Collect all lines containing the word "longleftrightarrow" from the data.
--- Data listing Enclosed Below ---
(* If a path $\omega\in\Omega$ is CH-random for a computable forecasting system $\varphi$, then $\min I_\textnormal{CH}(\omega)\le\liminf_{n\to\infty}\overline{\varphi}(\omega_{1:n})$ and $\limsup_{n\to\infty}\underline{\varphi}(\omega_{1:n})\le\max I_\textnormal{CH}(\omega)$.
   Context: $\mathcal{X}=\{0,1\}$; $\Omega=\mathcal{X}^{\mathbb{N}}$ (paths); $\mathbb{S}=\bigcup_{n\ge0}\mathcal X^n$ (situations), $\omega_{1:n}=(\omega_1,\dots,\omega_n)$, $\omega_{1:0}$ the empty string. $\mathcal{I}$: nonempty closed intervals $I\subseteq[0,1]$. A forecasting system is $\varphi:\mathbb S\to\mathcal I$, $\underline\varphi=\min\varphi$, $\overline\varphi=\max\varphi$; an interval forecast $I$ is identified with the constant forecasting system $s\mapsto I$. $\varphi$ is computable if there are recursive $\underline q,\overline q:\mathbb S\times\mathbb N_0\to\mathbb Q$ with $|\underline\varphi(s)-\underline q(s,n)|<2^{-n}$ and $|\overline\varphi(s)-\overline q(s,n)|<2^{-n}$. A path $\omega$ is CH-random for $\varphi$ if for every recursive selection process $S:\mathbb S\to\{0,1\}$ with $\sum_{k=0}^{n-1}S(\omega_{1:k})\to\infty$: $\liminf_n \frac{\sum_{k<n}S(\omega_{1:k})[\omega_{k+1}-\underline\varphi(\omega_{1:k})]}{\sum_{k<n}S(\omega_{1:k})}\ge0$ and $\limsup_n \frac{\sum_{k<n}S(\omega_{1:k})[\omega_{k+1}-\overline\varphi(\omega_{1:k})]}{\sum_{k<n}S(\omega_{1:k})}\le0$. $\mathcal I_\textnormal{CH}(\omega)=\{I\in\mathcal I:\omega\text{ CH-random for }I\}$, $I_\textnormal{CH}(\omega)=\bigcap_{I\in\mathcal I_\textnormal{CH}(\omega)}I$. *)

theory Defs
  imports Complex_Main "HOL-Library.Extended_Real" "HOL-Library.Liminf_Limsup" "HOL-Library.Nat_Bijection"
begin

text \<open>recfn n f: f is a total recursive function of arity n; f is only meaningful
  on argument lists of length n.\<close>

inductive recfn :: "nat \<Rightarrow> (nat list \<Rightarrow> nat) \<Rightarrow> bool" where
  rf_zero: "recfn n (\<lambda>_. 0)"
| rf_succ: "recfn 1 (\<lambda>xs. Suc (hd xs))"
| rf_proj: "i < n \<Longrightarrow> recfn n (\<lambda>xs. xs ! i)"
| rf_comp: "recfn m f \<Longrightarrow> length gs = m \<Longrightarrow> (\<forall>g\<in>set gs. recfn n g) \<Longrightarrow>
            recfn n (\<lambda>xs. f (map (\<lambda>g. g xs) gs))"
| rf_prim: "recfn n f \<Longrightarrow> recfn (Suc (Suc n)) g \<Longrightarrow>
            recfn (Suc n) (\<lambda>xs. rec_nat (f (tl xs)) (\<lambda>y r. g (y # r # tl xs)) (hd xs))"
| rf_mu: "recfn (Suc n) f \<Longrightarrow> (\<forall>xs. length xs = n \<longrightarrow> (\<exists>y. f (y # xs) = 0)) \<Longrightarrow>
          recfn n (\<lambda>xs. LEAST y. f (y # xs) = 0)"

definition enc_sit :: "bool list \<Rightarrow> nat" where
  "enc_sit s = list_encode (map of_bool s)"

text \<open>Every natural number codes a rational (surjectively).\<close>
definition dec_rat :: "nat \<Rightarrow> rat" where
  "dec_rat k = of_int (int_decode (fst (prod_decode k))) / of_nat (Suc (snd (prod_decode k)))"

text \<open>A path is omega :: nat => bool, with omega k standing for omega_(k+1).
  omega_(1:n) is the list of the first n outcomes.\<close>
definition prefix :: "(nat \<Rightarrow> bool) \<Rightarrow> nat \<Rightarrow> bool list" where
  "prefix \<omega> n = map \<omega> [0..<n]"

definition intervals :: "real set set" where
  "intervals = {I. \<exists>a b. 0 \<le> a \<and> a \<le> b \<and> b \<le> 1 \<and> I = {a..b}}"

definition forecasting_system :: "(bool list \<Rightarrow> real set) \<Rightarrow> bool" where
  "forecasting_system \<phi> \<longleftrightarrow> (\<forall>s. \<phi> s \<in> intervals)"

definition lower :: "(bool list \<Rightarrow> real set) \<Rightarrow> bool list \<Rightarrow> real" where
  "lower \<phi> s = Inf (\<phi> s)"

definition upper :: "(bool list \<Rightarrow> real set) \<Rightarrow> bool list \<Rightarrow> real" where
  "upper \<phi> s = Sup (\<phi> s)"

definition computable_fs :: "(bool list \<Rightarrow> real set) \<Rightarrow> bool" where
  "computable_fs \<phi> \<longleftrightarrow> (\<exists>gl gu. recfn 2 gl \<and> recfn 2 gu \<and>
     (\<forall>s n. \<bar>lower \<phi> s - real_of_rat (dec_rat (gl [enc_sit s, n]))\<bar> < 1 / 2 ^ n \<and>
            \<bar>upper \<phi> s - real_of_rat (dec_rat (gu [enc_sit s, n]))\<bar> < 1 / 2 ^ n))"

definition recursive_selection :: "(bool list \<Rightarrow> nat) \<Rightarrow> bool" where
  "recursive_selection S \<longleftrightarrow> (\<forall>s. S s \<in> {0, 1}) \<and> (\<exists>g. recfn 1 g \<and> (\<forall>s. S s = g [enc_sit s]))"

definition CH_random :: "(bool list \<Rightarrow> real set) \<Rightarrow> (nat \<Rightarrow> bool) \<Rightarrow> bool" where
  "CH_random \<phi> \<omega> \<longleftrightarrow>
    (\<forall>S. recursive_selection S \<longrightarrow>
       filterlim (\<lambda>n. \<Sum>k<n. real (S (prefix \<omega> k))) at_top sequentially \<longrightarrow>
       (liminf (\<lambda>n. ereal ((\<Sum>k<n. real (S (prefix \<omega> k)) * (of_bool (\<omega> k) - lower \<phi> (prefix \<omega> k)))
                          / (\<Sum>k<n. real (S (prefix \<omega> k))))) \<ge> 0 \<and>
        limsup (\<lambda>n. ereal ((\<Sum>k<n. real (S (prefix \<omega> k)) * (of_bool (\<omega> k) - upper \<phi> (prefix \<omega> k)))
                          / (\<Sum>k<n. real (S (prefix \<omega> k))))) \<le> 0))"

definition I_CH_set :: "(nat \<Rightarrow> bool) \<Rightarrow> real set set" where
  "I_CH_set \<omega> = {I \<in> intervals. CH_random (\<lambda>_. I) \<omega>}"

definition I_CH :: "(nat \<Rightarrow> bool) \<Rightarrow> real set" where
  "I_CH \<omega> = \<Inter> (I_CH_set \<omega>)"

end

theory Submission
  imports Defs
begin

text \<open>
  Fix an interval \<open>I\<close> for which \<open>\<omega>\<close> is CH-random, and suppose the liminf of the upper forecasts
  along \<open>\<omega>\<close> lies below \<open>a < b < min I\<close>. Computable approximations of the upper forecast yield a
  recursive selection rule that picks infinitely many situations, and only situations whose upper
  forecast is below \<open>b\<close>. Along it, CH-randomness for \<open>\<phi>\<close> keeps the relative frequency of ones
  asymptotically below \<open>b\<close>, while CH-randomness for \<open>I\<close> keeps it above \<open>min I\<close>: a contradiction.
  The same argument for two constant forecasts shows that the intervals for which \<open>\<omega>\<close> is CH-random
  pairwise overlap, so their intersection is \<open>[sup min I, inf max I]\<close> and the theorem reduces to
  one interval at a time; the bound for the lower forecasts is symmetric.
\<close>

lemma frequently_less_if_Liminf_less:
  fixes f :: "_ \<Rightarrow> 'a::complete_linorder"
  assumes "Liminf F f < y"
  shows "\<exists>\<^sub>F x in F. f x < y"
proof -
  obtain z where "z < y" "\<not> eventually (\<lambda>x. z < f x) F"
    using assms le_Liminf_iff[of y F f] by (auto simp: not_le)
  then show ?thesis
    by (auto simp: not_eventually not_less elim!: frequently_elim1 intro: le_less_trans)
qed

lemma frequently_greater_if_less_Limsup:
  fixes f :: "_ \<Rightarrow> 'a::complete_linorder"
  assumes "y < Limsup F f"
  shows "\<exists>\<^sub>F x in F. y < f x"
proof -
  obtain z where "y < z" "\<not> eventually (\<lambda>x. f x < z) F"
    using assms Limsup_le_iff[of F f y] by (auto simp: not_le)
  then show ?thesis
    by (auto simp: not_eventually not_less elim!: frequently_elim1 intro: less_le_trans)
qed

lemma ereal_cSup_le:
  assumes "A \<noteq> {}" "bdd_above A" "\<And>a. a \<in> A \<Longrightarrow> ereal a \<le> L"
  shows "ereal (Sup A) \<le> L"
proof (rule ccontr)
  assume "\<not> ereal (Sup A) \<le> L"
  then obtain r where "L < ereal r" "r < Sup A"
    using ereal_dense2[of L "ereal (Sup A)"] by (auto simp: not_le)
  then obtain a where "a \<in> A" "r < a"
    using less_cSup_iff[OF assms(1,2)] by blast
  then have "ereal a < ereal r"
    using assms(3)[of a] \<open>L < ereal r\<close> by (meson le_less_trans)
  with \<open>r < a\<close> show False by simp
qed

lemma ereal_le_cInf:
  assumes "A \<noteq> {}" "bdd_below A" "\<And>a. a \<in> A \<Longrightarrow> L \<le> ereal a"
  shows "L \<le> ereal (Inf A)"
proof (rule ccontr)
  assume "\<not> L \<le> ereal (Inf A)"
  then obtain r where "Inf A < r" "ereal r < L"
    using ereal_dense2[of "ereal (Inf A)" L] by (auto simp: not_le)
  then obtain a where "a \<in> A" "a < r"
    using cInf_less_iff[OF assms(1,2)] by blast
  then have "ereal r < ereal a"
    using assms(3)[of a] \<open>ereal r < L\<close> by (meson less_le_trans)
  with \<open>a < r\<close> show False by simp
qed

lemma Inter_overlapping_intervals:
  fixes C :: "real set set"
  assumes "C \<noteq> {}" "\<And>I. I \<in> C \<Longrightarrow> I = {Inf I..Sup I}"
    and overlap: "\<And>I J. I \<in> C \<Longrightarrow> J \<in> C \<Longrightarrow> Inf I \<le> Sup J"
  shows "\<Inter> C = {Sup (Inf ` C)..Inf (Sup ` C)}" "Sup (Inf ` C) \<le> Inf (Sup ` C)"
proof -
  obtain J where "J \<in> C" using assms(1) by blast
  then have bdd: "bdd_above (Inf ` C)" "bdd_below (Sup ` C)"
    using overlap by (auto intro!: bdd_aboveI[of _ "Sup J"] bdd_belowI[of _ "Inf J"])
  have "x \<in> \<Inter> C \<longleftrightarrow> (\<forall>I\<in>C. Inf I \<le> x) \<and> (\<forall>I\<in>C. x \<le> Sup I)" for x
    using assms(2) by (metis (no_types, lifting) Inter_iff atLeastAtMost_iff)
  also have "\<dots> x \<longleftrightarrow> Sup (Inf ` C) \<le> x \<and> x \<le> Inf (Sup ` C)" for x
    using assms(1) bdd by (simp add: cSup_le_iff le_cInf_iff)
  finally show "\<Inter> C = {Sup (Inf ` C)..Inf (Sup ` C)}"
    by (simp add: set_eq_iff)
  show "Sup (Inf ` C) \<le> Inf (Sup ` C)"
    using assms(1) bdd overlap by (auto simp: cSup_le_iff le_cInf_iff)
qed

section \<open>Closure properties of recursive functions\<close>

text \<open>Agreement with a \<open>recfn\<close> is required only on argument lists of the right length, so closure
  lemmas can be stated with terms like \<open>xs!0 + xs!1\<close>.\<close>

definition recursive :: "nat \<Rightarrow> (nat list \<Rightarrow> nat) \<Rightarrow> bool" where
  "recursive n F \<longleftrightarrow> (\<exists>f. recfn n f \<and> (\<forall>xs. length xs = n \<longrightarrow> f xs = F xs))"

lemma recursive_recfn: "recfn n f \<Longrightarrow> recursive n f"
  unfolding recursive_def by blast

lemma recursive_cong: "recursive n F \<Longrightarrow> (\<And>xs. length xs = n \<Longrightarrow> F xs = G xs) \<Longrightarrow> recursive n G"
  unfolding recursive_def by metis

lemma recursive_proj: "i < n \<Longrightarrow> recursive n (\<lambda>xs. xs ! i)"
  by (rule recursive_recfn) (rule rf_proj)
--- End of Enclosed Data listing ---
--- Data listing Enclosed Below ---
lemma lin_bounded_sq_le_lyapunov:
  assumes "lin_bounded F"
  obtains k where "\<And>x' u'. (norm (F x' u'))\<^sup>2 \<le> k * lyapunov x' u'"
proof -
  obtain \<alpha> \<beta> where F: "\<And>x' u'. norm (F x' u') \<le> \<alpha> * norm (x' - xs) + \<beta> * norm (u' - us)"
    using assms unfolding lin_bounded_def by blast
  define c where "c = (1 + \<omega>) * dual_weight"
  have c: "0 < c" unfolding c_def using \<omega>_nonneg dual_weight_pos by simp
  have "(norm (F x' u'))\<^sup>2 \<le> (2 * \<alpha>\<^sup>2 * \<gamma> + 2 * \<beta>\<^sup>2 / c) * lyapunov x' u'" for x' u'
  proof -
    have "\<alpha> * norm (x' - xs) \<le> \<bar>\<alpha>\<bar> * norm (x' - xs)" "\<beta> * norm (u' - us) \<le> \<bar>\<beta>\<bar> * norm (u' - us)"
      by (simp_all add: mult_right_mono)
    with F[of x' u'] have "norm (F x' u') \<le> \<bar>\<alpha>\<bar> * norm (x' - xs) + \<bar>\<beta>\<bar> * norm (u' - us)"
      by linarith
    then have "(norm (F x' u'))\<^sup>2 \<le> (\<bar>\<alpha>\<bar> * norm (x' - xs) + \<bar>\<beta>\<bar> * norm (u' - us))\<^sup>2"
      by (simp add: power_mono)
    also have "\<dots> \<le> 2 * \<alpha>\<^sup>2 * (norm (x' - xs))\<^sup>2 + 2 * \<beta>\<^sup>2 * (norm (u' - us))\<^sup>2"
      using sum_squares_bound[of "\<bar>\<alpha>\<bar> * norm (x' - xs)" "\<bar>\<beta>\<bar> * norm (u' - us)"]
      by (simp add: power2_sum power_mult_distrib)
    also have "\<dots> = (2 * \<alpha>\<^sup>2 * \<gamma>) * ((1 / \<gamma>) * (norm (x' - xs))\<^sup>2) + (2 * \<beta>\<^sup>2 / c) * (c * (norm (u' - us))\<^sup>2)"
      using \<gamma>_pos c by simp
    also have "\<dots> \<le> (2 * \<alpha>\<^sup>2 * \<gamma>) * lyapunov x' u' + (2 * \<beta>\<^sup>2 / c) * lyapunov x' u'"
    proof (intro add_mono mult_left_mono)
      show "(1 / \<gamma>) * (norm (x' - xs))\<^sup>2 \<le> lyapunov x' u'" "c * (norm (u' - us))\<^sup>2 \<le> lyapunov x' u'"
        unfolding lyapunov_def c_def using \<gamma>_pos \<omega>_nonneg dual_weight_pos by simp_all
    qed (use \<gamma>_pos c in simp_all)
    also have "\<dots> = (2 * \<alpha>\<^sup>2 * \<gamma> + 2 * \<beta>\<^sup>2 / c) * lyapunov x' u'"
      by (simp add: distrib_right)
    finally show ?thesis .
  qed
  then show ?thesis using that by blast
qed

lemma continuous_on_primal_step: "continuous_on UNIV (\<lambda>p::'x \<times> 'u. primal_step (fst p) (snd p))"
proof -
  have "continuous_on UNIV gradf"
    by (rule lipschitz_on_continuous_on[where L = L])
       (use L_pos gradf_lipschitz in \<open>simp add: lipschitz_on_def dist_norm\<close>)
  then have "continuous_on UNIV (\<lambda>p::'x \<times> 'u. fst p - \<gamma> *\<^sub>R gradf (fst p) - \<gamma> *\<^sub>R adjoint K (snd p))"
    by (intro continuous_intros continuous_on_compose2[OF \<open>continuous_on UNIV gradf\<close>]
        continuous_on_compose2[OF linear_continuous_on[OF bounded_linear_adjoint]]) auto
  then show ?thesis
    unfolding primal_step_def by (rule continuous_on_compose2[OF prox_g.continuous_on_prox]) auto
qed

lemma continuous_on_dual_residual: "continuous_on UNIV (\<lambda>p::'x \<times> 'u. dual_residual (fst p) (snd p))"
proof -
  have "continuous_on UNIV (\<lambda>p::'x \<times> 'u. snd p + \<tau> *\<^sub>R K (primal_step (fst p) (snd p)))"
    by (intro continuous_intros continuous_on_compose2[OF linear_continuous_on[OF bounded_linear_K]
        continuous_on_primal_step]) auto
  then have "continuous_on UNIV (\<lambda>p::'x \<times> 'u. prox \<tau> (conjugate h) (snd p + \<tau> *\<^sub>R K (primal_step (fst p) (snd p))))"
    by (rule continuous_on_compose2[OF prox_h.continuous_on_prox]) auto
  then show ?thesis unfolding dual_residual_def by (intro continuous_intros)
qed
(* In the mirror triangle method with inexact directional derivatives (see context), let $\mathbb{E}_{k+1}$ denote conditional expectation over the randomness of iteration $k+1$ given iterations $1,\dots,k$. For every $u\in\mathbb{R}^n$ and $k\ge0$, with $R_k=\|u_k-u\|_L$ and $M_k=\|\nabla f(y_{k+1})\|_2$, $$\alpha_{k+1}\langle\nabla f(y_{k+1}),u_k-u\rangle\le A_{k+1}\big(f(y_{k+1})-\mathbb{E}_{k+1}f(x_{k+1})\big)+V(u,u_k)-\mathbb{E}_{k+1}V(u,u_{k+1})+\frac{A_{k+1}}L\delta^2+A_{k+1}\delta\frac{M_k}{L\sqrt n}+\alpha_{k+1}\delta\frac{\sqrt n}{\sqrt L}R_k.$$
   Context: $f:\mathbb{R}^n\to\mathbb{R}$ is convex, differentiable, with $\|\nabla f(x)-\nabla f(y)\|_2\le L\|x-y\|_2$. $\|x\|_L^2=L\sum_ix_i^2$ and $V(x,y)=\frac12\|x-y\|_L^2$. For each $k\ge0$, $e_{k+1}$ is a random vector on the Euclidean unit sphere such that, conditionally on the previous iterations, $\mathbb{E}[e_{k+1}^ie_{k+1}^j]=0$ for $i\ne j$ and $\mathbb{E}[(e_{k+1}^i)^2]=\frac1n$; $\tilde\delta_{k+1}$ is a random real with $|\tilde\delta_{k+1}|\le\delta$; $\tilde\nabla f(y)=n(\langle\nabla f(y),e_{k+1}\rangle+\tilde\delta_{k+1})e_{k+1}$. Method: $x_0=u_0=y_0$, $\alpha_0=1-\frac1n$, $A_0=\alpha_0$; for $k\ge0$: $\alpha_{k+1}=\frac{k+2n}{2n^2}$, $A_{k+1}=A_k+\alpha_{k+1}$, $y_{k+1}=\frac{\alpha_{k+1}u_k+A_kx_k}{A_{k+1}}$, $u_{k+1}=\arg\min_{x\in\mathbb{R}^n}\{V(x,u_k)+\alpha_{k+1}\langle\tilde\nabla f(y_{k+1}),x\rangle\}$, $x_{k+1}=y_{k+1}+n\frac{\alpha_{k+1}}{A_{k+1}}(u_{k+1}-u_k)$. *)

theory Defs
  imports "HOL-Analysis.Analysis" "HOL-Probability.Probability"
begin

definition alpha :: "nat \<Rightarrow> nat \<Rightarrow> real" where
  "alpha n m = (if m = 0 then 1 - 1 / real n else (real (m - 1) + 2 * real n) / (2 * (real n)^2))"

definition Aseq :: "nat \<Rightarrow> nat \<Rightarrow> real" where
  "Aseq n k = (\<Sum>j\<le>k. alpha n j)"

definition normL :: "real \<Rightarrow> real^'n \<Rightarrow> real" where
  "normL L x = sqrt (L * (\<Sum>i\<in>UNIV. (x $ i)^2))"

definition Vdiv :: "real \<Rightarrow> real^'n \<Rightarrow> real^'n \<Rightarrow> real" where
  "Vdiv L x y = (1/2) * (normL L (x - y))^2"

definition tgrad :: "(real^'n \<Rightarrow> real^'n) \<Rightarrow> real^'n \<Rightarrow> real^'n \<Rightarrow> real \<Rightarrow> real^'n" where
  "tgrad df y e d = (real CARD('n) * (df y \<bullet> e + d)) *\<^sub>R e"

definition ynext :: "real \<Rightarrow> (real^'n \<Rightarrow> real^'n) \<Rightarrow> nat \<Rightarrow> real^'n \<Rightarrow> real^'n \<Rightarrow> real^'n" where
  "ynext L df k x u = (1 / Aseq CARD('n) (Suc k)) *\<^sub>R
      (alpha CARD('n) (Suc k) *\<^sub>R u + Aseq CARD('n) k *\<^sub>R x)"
--- End of Enclosed Data listing ---
**Answer below**
  "forecasting_system \<phi> \<longleftrightarrow> (\<forall>s. \<phi> s \<in> intervals)"
  "computable_fs \<phi> \<longleftrightarrow> (\<exists>gl gu. recfn 2 gl \<and> recfn 2 gu \<and>
  "recursive_selection S \<longleftrightarrow> (\<forall>s. S s \<in> {0, 1}) \<and> (\<exists>g. recfn 1 g \<and> (\<forall>s. S s = g [enc_sit s]))"
  "CH_random \<phi> \<omega> \<longleftrightarrow>
  have "x \<in> \<Inter> C \<longleftrightarrow> (\<forall>I\<in>C. Inf I \<le> x) \<and> (\<forall>I\<in>C. x \<le> Sup I)" for x
  also have "\<dots> x \<longleftrightarrow> Sup (Inf ` C) \<le> x \<and> x \<le> Inf (Sup ` C)" for x
  "recursive n F \<longleftrightarrow> (\<exists>f. recfn n f \<and> (\<forall>xs. length xs = n \<longrightarrow> f xs = F xs))"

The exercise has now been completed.